In a population, heights of males are normally distributed with u=180 cm and sigma^2=16 cm^2, while the heights of females are normally distributed with u=170 cm and sigma^2= 25 cm^2.

a) One random male and one random female are selected from the population
i)What is the probability that the male is more than 5 cm taller than the female?
ii)What is the distribution of the average of the two heights?

b)Now suppose that a random sample of 16 males and 16 females are selected from the
population.
i) What is the probability that the average height of the males is less than 178cm?
ii) What is the probability that the average height of the males is more than 12cm greater than the average height of the females?

So i said that X= height of one random male and Y= height of one random female. For this question I think I should find the z-score for both random variables and multiply the two probabilities since both variables are independent of each other. But I don't know how to get the probability of X+5>Y for a normal distribution and the other parts of the question, any help would be greatly appreciated, thanks.
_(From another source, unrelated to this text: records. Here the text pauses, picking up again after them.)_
lemma expval_outer:
  assumes "\<psi> \<in> carrier_vec d" "P \<in> carrier_mat d d"
  shows "expval P (outer \<psi>) = Re (cinner \<psi> (P *\<^sub>v \<psi>))"
proof -
  have "mtrace (outer \<psi> * P) = (\<Sum>i<d. \<Sum>k<d. outer \<psi> $$ (i,k) * P $$ (k,i))"
    by (rule mtrace_mult[OF outer_carrier[OF assms(1)] assms(2)])
  also have "\<dots> = (\<Sum>i<d. \<Sum>k<d. \<psi> $ i * cnj (\<psi> $ k) * P $$ (k,i))"
    using assms(1) by (intro sum.cong refl) (auto simp: outer_def)
  also have "\<dots> = (\<Sum>k<d. cnj (\<psi> $ k) * (\<Sum>i<d. P $$ (k,i) * \<psi> $ i))"
    by (subst sum.swap) (simp add: sum_distrib_left mult_ac)
  also have "\<dots> = cinner \<psi> (P *\<^sub>v \<psi>)"
    using assms by (simp add: cinner_def scalar_prod_def lessThan_atLeast0)
  finally show ?thesis by (simp add: expval_def)
qed

lemma expval_linear_combination:
  assumes "\<rho> \<in> carrier_mat d d" "P \<in> carrier_mat d d" "F \<subseteq> carrier_mat d d"
    and "\<forall>i<d. \<forall>j<d. \<rho> $$ (i,j) = (\<Sum>\<sigma>\<in>F. of_real (a \<sigma>) * \<sigma> $$ (i,j))"
  shows "expval P \<rho> = (\<Sum>\<sigma>\<in>F. a \<sigma> * expval P \<sigma>)"
proof -
  have "mtrace (\<rho> * P) = (\<Sum>i<d. \<Sum>k<d. \<Sum>\<sigma>\<in>F. of_real (a \<sigma>) * (\<sigma> $$ (i,k) * P $$ (k,i)))"
    using assms by (simp add: mtrace_mult sum_distrib_left mult_ac)
  also have "\<dots> = (\<Sum>i<d. \<Sum>\<sigma>\<in>F. \<Sum>k<d. of_real (a \<sigma>) * (\<sigma> $$ (i,k) * P $$ (k,i)))"
    by (rule sum.cong[OF refl], rule sum.swap)
  also have "\<dots> = (\<Sum>\<sigma>\<in>F. of_real (a \<sigma>) * mtrace (\<sigma> * P))"
    using assms(2,3) by (subst sum.swap) (auto simp: mtrace_mult sum_distrib_left intro!: sum.cong)
  finally show ?thesis by (simp add: expval_def Re_sum)
qed

lemma expval_add_smult:
  assumes "\<rho> \<in> carrier_mat d d" "P \<in> carrier_mat d d" "Q \<in> carrier_mat d d"
  shows "expval (P + of_real c \<cdot>\<^sub>m Q) \<rho> = expval P \<rho> + c * expval Q \<rho>"
proof -
  have "mtrace (\<rho> * (P + of_real c \<cdot>\<^sub>m Q))
      = (\<Sum>i<d. \<Sum>k<d. \<rho> $$ (i,k) * (P $$ (k,i) + of_real c * Q $$ (k,i)))"
    unfolding mtrace_mult[OF assms(1) add_carrier_mat[OF smult_carrier_mat[OF assms(3)]]]
    using assms by (intro sum.cong refl) simp
  also have "\<dots> = mtrace (\<rho> * P) + of_real c * mtrace (\<rho> * Q)"
    unfolding mtrace_mult[OF assms(1,2)] mtrace_mult[OF assms(1,3)] distrib_left sum.distrib sum_distrib_left
    by (simp only: mult.left_commute)
  finally show ?thesis by (simp add: expval_def)
qed

section \<open>Two-qubit Pauli operators\<close>

definition pauli_entry :: "nat \<Rightarrow> nat \<Rightarrow> nat \<Rightarrow> complex" where
  "pauli_entry k i j =
     (if k = 0 then of_bool (i = j)
      else if k = 1 then of_bool (i \<noteq> j)
      else if k = 2 then (if i = j then 0 else if i = 0 then - \<i> else \<i>)
      else if i \<noteq> j then 0 else if i = 0 then 1 else - 1)"

lemma pauli_mat: "pauli k = mat 2 2 (\<lambda>(i,j). pauli_entry k i j)"
  by (rule eq_matI) (auto simp: pauli_def pauli_entry_def mat_of_rows_list_def dest!: less_2_cases)

lemma pauli_entry_cnj: "i < 2 \<Longrightarrow> j < 2 \<Longrightarrow> cnj (pauli_entry a i j) = pauli_entry a j i"
  by (auto simp: pauli_entry_def dest!: less_2_cases)

definition pauli2 :: "nat \<Rightarrow> nat \<Rightarrow> complex mat" where
  "pauli2 a b = kron (pauli a) (pauli b)"

lemma tensor_list_pauli_2: "tensor_list (map pauli [a, b]) = pauli2 a b"
  using kron_one_right by (simp add: pauli2_def)

lemma pauli2_mat:
  "pauli2 a b = mat 4 4 (\<lambda>(i,j). pauli_entry a (i div 2) (j div 2) * pauli_entry b (i mod 2) (j mod 2))"
  unfolding pauli2_def pauli_mat kron_mat_2 by simp

lemma pauli2_carrier [simp]: "pauli2 a b \<in> carrier_mat 4 4"
  and pauli2_dim [simp]: "dim_row (pauli2 a b) = 4" "dim_col (pauli2 a b) = 4"
  by (simp_all add: pauli2_mat)

lemma pauli2_index:
  "i < 4 \<Longrightarrow> j < 4 \<Longrightarrow> pauli2 a b $$ (i,j) = pauli_entry a (i div 2) (j div 2) * pauli_entry b (i mod 2) (j mod 2)"
  by (simp add: pauli2_mat)

lemma pauli2_mult: "pauli2 a b * pauli2 c d = kron (pauli a * pauli c) (pauli b * pauli d)"
  unfolding pauli2_def pauli_mat by (rule kron_mult_2)

definition pauli_sign :: "nat \<Rightarrow> nat \<Rightarrow> complex" where
  "pauli_sign a c = (if a = 0 \<or> c = 0 \<or> a = c then 1 else - 1)"

lemma pauli_sign_cases: "pauli_sign a c = 1 \<or> pauli_sign a c = - 1"
  by (simp add: pauli_sign_def)

lemma pauli_sign_commute: "pauli_sign c a = pauli_sign a c"
  by (auto simp: pauli_sign_def)

lemma pauli_mult_commute:
  assumes "a < 4" "c < 4"
  shows "pauli a * pauli c = pauli_sign a c \<cdot>\<^sub>m (pauli c * pauli a)"
  unfolding pauli_mat mat_times_mat using assms
  by (intro eq_matI) (auto simp: sum_lessThan_2 pauli_entry_def pauli_sign_def less_4_cases dest!: less_2_cases)

lemma pauli_mult_self: "a < 4 \<Longrightarrow> pauli a * pauli a = 1\<^sub>m 2"
  unfolding pauli_mat mat_times_mat
  by (intro eq_matI) (auto simp: sum_lessThan_2 pauli_entry_def less_4_cases dest!: less_2_cases)

lemma pauli2_mult_commute:
  assumes "a < 4" "b < 4" "c < 4" "d < 4"
  shows "pauli2 a b * pauli2 c d = (pauli_sign a c * pauli_sign b d) \<cdot>\<^sub>m (pauli2 c d * pauli2 a b)"
  unfolding pauli2_mult pauli_mult_commute[OF assms(1,3)] pauli_mult_commute[OF assms(2,4)] kron_smult ..

lemma pauli2_mult_self: "a < 4 \<Longrightarrow> b < 4 \<Longrightarrow> pauli2 a b * pauli2 a b = 1\<^sub>m 4"
  unfolding pauli2_mult by (rule eq_matI) (auto simp: pauli_mult_self kron_def less_4_cases)

lemma pauli2_00: "pauli2 0 0 = 1\<^sub>m 4"
  by (rule eq_matI) (auto simp: pauli2_index pauli_entry_def less_4_cases)

lemma hermitian_pauli2: "hermitian 4 (pauli2 a b)"
proof -
  have "i div 2 < 2" "i mod 2 < 2" if "i < 4" for i :: nat
    using that by auto
  then show ?thesis by (auto simp: hermitian_def pauli2_index pauli_entry_cnj)
qed

lemmas pauli2_compute =
  mat_eq_iff vec_eq_iff all_less_4 pauli2_index scalar_prod_def atLeast0LessThan sum_lessThan_4 pauli_entry_def

lemma pauli_group_2_iff: "g \<in> pauli_group 2 \<longleftrightarrow> (\<exists>k<4. \<exists>a<4. \<exists>b<4. g = \<i> ^ k \<cdot>\<^sub>m pauli2 a b)"
proof
  assume "g \<in> pauli_group 2"
  then obtain k ps where "k < 4" "length ps = 2" "set ps \<subseteq> {0..3}"
      "g = \<i> ^ k \<cdot>\<^sub>m tensor_list (map pauli ps)"
    unfolding pauli_group_def by blast
  moreover from \<open>length ps = 2\<close> obtain a b where "ps = [a, b]"
    by (auto simp: length_Suc_conv numeral_2_eq_2)
  ultimately have "g = \<i> ^ k \<cdot>\<^sub>m pauli2 a b" "a < 4" "b < 4"
    by (auto simp del: tensor_list.simps list.map simp: tensor_list_pauli_2)
  with \<open>k < 4\<close> show "\<exists>k<4. \<exists>a<4. \<exists>b<4. g = \<i> ^ k \<cdot>\<^sub>m pauli2 a b"
    by blast
next
  assume "\<exists>k<4. \<exists>a<4. \<exists>b<4. g = \<i> ^ k \<cdot>\<^sub>m pauli2 a b"
  then obtain k a b where "k < 4" "a < 4" "b < 4" "g = \<i> ^ k \<cdot>\<^sub>m tensor_list (map pauli [a, b])"
    by (auto simp del: tensor_list.simps list.map simp: tensor_list_pauli_2)
  then show "g \<in> pauli_group 2"
    unfolding pauli_group_def by (intro CollectI exI[of _ k] exI[of _ "[a, b]"]) auto
qed

lemma pauli_group_2_carrier: "g \<in> pauli_group 2 \<Longrightarrow> g \<in> carrier_mat 4 4"
  by (auto simp: pauli_group_2_iff)

lemma pauli_group_2_smult_pauli2: "k < 4 \<Longrightarrow> a < 4 \<Longrightarrow> b < 4 \<Longrightarrow> \<i> ^ k \<cdot>\<^sub>m pauli2 a b \<in> pauli_group 2"
  unfolding pauli_group_2_iff by blast

lemma pauli_group_2_pauli2: "a < 4 \<Longrightarrow> b < 4 \<Longrightarrow> pauli2 a b \<in> pauli_group 2"
  using pauli_group_2_smult_pauli2[of 0] by (simp add: smult_one_mat)

lemma pauli_group_2_uminus_pauli2: "a < 4 \<Longrightarrow> b < 4 \<Longrightarrow> - pauli2 a b \<in> pauli_group 2"
  using pauli_group_2_smult_pauli2[of 2] by (simp add: smult_minus_one_mat)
To find the probability that a male is more than 5 cm taller than a female, you need to compare the two normal distributions for male and female heights. Since the heights are normally distributed, you can use the properties of the normal distribution to calculate the probability.

a) (i) Probability that the male is more than 5 cm taller than the female:
To solve this, you need to calculate the difference in means and variances for the male and female height distributions. Let's define the random variables X as the height of a random male and Y as the height of a random female.

Given:
For males: X ~ N(180, 16)
For females: Y ~ N(170, 25)

To find the probability that a male is more than 5 cm taller than a female, you can calculate the probability as P(X - Y > 5).

First, you need to convert the random variables X and Y into standard normal distribution variables (Z-scores) using the formula: Z = (X - μ) / σ, where Z ~ N(0,1).

So, for the male height random variable X:
μ_X = 180, σ_X = √16, and for a female height random variable Y:
μ_Y = 170, σ_Y = √25.

Calculate the Z-score for the male height:
Z_X = (X - μ_X) / σ_X = (X - 180) / √16

Similarly, calculate the Z-score for the female height:
Z_Y = (Y - μ_Y) / σ_Y = (Y - 170) / √25

Now, your original probability becomes: P(X - Y > 5) = P((X - Y) / √(16 + 25) > 5 / √(16 + 25)).

Since (X - Y) follows a normal distribution, the difference of two normal distributions is also normally distributed. The mean of the difference is μ_diff = μ_X - μ_Y = 180 - 170 = 10 and the variance is σ_diff^2 = σ_X^2 + σ_Y^2 = 16 + 25 = 41.

Therefore, you can calculate the probability using the standard normal distribution:

P((X - Y) / √(16 + 25) > 5 / √(16 + 25)) = P((X - Y) / √41 > 5 / √41).

Now, using standard normal tables or a calculator, look up the probability of Z > (5 / √41) and subtract it from 1 to find the final probability.

(ii) The distribution of the average of the two heights:
To find the distribution of the average of the male and female heights, let's define a new random variable A as the average height:

A = (X + Y) / 2

Since X and Y are normally distributed with means μ_X and μ_Y, respectively, and variances σ_X^2 and σ_Y^2, the sum X + Y is also normally distributed with a mean of μ_X + μ_Y and a variance of σ_X^2 + σ_Y^2.

So, the mean of the average height A is (μ_X + μ_Y) / 2 and the variance is (σ_X^2 + σ_Y^2) / 4.